Select inputs Build the list of raw variables matching raw_lidar_data_prefix and Signal_Type ∈ [100,119].
Read parameters Load per-channel or broadcast values for: method, alt_min, alt_max, polynomial order, and log_regression. Load optional auto-selection strategies.
Compute background For each channel, call the internal routine (get_sky_background) to estimate: - background value, - regression coefficients (if method is a regression), - background uncertainty, - and the effective parameters actually used.
Write output variables One background variable per channel is added (name based on prefix_output_name), with attributes: background_coefficients, Signal_Type, bin_width, laser_shot. An uncertainty variable is written alongside (name + error_suffix).
Persist parameters Update the XML at: - SkyBackground/Method - SkyBackground/Parameters/alt_min - SkyBackground/Parameters/alt_max - SkyBackground/Parameters/order - SkyBackground/Parameters/log_regression

Outputs in the dataset #

For each processed channel the routine creates two DataArrays (same grid as the input channel):

Background (e.g., Background_0) — background estimate on the native grid (altitude, time).
Background uncertainty (e.g., Background_0_Unc) — uncertainty of the estimate on the same grid.

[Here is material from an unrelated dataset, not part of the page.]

(* There are absolute constants $c, c' > 0$ such that for all $d \geq 2$, $n \geq 1$ and $s \geq 1$ the following holds: if there is an $LK_d(MOD_p)$-refutation of size $s$ of the set $\neg PHP_n$, then Prover has a winning strategy for the game $G(d + c, n, c' \log s)$. (In the paper's notation: Prover has a winning strategy for $G(d+O(1), n, O(\log s))$.)
   Context: Fix a prime $p$. Formulas are built from propositional variables using the connectives $\neg$, unbounded-arity $\bigvee$, and unbounded-arity connectives $MOD_{p,i}$, $i=0,\dots,p-1$, where $MOD_{p,i}(y_1,\dots,y_k)$ means $\sum_j y_j \equiv i \pmod p$ (there is no $\bigwedge$; conjunctions are expressed via $\neg,\bigvee$). The depth of a formula is the maximal number of alternations of connectives along a path; the size of a formula or proof is its total number of symbols. $LK(MOD_p)$ is the sequent calculus with initial sequents $\varphi \to \varphi$, the structural rules (weakening, contraction, exchange), cut, left and right $\neg$-introduction, the rule $\bigvee$:left (from $\varphi_i,\Gamma\to\Delta$ for all $i\le t$ infer $\bigvee_{i\le t}\varphi_i,\Gamma\to\Delta$), the rule $\bigvee$:right (from $\Gamma\to\Delta,\varphi_j$ infer $\Gamma\to\Delta,\bigvee_{i\le t}\varphi_i$, any $j\le t$), and the $MOD_p$-axioms: $MOD_{p,0}(\emptyset)$; $\neg MOD_{p,i}(\emptyset)$ for $i=1,\dots,p-1$; and $MOD_{p,i}(\Gamma,\phi)\equiv[(MOD_{p,i}(\Gamma)\wedge\neg\phi)\vee(MOD_{p,i-1}(\Gamma)\wedge\phi)]$ for $i=0,\dots,p-1$ ($i-1$ taken mod $p$, $\Gamma$ a possibly empty sequence of formulas). $LK_d(MOD_p)$ is the subsystem in which all formulas have depth at most $d$. A refutation of a set of formulas $\Sigma$ is a derivation of the empty sequent in which the sequents $\to \psi$, $\psi\in\Sigma$, may be used as additional initial sequents. $\neg PHP_n$ is the set of formulas in variables $p_{ij}$, $i\in[n+1]$, $j\in[n]$: $\bigvee_{j\in[n]}p_{ij}$ for each $i\in[n+1]$; $\neg p_{i_1 j}\vee\neg p_{i_2 j}$ for all $i_1\neq i_2\in[n+1]$, $j\in[n]$; $\neg p_{ij_1}\vee\neg p_{ij_2}$ for all $i\in[n+1]$, $j_1\ne j_2\in[n]$. The game $G(d,n,t)$ is played by Prover and Liar for $t$ rounds. In each round Prover asks one question: (P1) the truth value of a formula $\varphi$; or (P2) if Liar already gave a truth value to $\varphi=\bigvee_{i\le u}\varphi_i$: (a) if he said false, Prover may ask the truth value of some one $\varphi_j$, $j\le u$; (b) if he said true, Prover may request a witness, i.e. a $j\le u$ with $\varphi_j$ stated true. All formulas asked are in the variables of $\neg PHP_n$, of depth at most $d$ and size at most $2^t$. Liar must obey: (L0) a formula asked again gets the same answer; (L1) $\varphi$ and $\neg\varphi$ get opposite values; (L2) in (P2a) he must answer false, in (P2b) he must give value true to some $\varphi_j$, $j\le u$; (L3) every $MOD_p$-axiom asked gets true; (L4) every formula of $\neg PHP_n$ asked gets true. Liar wins a play if he can answer all $t$ questions obeying the rules; otherwise Prover wins. A winning strategy for Prover is one winning against every Liar. *)

theory Defs
  imports Complex_Main "HOL-Computational_Algebra.Primes"
begin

Typical attributes stored:

background_coefficients (list serialized as comma-separated string)
Signal_Type (copied from source channel)
bin_width and laser_shot (copied from source channel)

Example usage #

Standard run (all from XML):

from SignalCreation.Lidar import Lidar

lidar = Lidar("Configuration_files/Parameters/example_station.xml", "2024-03-28")
lidar.import_lidar_data()
lidar.import_atmospheric_component()
lidar.import_other_atmospheric_component("ozone")
lidar.create_simulated_lidar()  # optional but recommended for robust background windows

# Compute background per channel
lidar.background()

# Inspect outputs
[v for v in lidar._lidar.data_vars if "Background" in v]

Custom names (override prefixes/suffixes):

lidar.background(
    prefix_output_name="Background",        # or any mapped name in name_variables.xml
    raw_lidar_data_prefix="Raw_Lidar_Data", # consistent with your naming config
    error_suffix="_Unc"
)

Quality checks & tips #

Altitude window: choose regions with minimal atmospheric signal (very high altitude) to avoid bias from molecular/aerosol returns. The automatic heuristics (compare_slopes, max-n) help refine bounds but should be validated visually.
Log regression: enable log_regression=True only when the baseline follows a log-linear trend in PR²; otherwise use average or linear regression in linear space.
Slope sanity: verify the fitted slope is small; large slopes suggest afterpulsing or contamination.
Per-channel configuration: ensure the order of values in alt_min, alt_max, etc., matches the order of Read/Lidar_files/Signal_type.
Naming & uncertainties: background and its uncertainty follow your Variable naming and metadata configuration rules (delimiter, digits, uncertainty suffix).

Figure #

background example — Example of far-range window and fitted background.#